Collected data
......

lemma reduced_diff_c_solvable:
  fixes b \<mu> :: "nat \<Rightarrow> real" and \<gamma> :: "nat \<Rightarrow> nat \<Rightarrow> real"
  assumes "0 < d"
    and sym: "\<forall>i\<in>{1..d}. \<forall>j\<in>{1..d}. \<gamma> i j = \<gamma> j i"
    and pos: "\<forall>i\<in>{1..d}. \<forall>j\<in>{1..d}. i \<noteq> j \<longrightarrow> 0 < \<gamma> i j"
    and nonneg: "\<forall>i\<in>{1..d}. 0 \<le> \<mu> i"
    and "(\<Sum>i=1..d. b i) = 0"
    and b_off_support: "\<forall>i\<in>{1..d}. \<mu> i = 0 \<longrightarrow> b i = 0"
  shows "\<exists>L. \<forall>i\<in>{1..d-1}. b i = (\<Sum>j=1..d-1. diff_c d \<gamma> \<mu> i j * L j)"
proof -
  define S where "S = {j\<in>{1..d}. 0 < \<mu> j}"
  define w where "w i j = \<gamma> i j * \<mu> i * \<mu> j" for i j
  have off_S: "\<mu> j = 0" if "j \<in> {1..d}" "j \<notin> S" for j
    using nonneg that by (force simp: S_def)
  have "(\<Sum>i=1..d. b i) = (\<Sum>i\<in>S. b i)"
    using off_S b_off_support by (intro sum.mono_neutral_right) (auto simp: S_def)
  then have "(\<Sum>i\<in>S. b i) = 0"
    using \<open>(\<Sum>i=1..d. b i) = 0\<close> by simp
  moreover have "\<forall>i\<in>S. \<forall>j\<in>S. w i j = w j i"
    using sym by (simp add: S_def w_def)
  moreover have "\<forall>i\<in>S. \<forall>j\<in>S. i \<noteq> j \<longrightarrow> 0 < w i j"
    using pos by (simp add: S_def w_def)
  ultimately obtain l where l: "\<forall>i\<in>S. (\<Sum>j\<in>S. w i j * (l i - l j)) = b i"
    using laplacian_system_solvable[of S w b] by (auto simp: S_def)
  define L where "L j = l j - l d" for j
  have "b i = (\<Sum>j=1..d-1. diff_c d \<gamma> \<mu> i j * L j)" if "i \<in> {1..d-1}" for i
  proof -
    have i: "i \<in> {1..d}"
      using that by auto
    have "(\<Sum>j=1..d-1. diff_c d \<gamma> \<mu> i j * L j) = (\<Sum>j=1..d. diff_c d \<gamma> \<mu> i j * L j)"
      using \<open>0 < d\<close> by (cases d) (simp_all add: L_def)
    also have "\<dots> = (\<Sum>j=1..d. w i j * (l i - l j))"
      unfolding diff_c_mult_eq_weighted_diffs[OF i] by (simp add: w_def L_def)
    also have "\<dots> = b i"
    proof (cases "i \<in> S")
      case True
      have "(\<Sum>j=1..d. w i j * (l i - l j)) = (\<Sum>j\<in>S. w i j * (l i - l j))"
        using off_S by (intro sum.mono_neutral_right) (auto simp: S_def w_def)
      then show ?thesis
        using l True by simp
    next
      case False
      then show ?thesis
        using off_S[OF i] b_off_support i by (simp add: w_def)
    qed
    finally show ?thesis ..
  qed
  then show ?thesis
    by blast
qed

lemma sum_drift_b_eq_0:
  assumes "admissible_simplex_params d \<beta> B \<gamma>" and "\<mu> \<in> unit_simplex d"
  shows "(\<Sum>i=1..d. drift_b d \<beta> B \<mu> i) = 0"
proof -
  have col: "(\<Sum>i=1..d. B i j) = - (\<Sum>i=1..d. \<beta> i)" if "j \<in> {1..d}" for j
    using assms(1) that unfolding admissible_simplex_params_def by (simp add: eq_neg_iff_add_eq_0)
  have "(\<Sum>i=1..d. \<Sum>j=1..d. B i j * \<mu> j) = (\<Sum>j=1..d. \<Sum>i=1..d. B i j * \<mu> j)"
    by (rule sum.swap)
  also have "\<dots> = (\<Sum>j=1..d. - (\<Sum>i=1..d. \<beta> i) * \<mu> j)"
    by (intro sum.cong refl) (metis col sum_distrib_right)
  also have "\<dots> = - (\<Sum>i=1..d. \<beta> i)"
    using assms(2) by (simp add: unit_simplex_def sum_negf flip: sum_distrib_left)
  finally show ?thesis
    by (simp add: drift_b_def sum.distrib)
qed

lemma drift_b_eq_0_off_support:
  assumes "\<mu> \<in> E_set d \<beta> B" and "i \<in> {1..d}" and "\<mu> i = 0"
  shows "drift_b d \<beta> B \<mu> i = 0"
proof -
  have "i \<in> J_set d \<beta> B"
    using assms unfolding E_set_def by force
  then show ?thesis
    using assms unfolding J_set_def E_set_def by blast
qed

theorem mainTheorem16:
  fixes d :: nat and \<beta> :: "nat \<Rightarrow> real" and B \<gamma> :: "nat \<Rightarrow> nat \<Rightarrow> real"
  assumes "2 \<le> d"
    and "admissible_simplex_params d \<beta> B \<gamma>"
    and "\<forall>i\<in>{1..d}. \<forall>j\<in>{1..d}. i \<noteq> j \<longrightarrow> 0 < \<gamma> i j"
  shows "\<exists>lam :: (nat \<Rightarrow> real) \<Rightarrow> nat \<Rightarrow> real.
           \<forall>\<mu>\<in>E_set d \<beta> B. \<forall>i\<in>{1..d-1}.
             drift_b d \<beta> B \<mu> i = (\<Sum>j=1..d-1. diff_c d \<gamma> \<mu> i j * lam \<mu> j)"
proof -
  have "\<forall>\<mu>\<in>E_set d \<beta> B. \<exists>L. \<forall>i\<in>{1..d-1}.
          drift_b d \<beta> B \<mu> i = (\<Sum>j=1..d-1. diff_c d \<gamma> \<mu> i j * L j)"
  proof
    fix \<mu> assume "\<mu> \<in> E_set d \<beta> B"
    then have "\<mu> \<in> unit_simplex d"
      by (simp add: E_set_def)
    show "\<exists>L. \<forall>i\<in>{1..d-1}. drift_b d \<beta> B \<mu> i = (\<Sum>j=1..d-1. diff_c d \<gamma> \<mu> i j * L j)"
    proof (rule reduced_diff_c_solvable)
      show "\<forall>i\<in>{1..d}. 0 \<le> \<mu> i"
        using \<open>\<mu> \<in> unit_simplex d\<close> by (simp add: unit_simplex_def)
      show "(\<Sum>i=1..d. drift_b d \<beta> B \<mu> i) = 0"
        using sum_drift_b_eq_0[OF assms(2) \<open>\<mu> \<in> unit_simplex d\<close>] .
      show "\<forall>i\<in>{1..d}. \<mu> i = 0 \<longrightarrow> drift_b d \<beta> B \<mu> i = 0"
        using drift_b_eq_0_off_support[OF \<open>\<mu> \<in> E_set d \<beta> B\<close>] by blast
    qed (use assms in \<open>auto simp: admissible_simplex_params_def\<close>)
  qed
  then show ?thesis
    by (rule bchoice)
qed

end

......

EXERCISE BRIEF –
Within the data above, filter for lines containing the word "nonneg" and copy each one.

RESPONSE TO THE TASK –
    and nonneg: "\<forall>i\<in>{1..d}. 0 \<le> \<mu> i"
    using nonneg that by (force simp: S_def)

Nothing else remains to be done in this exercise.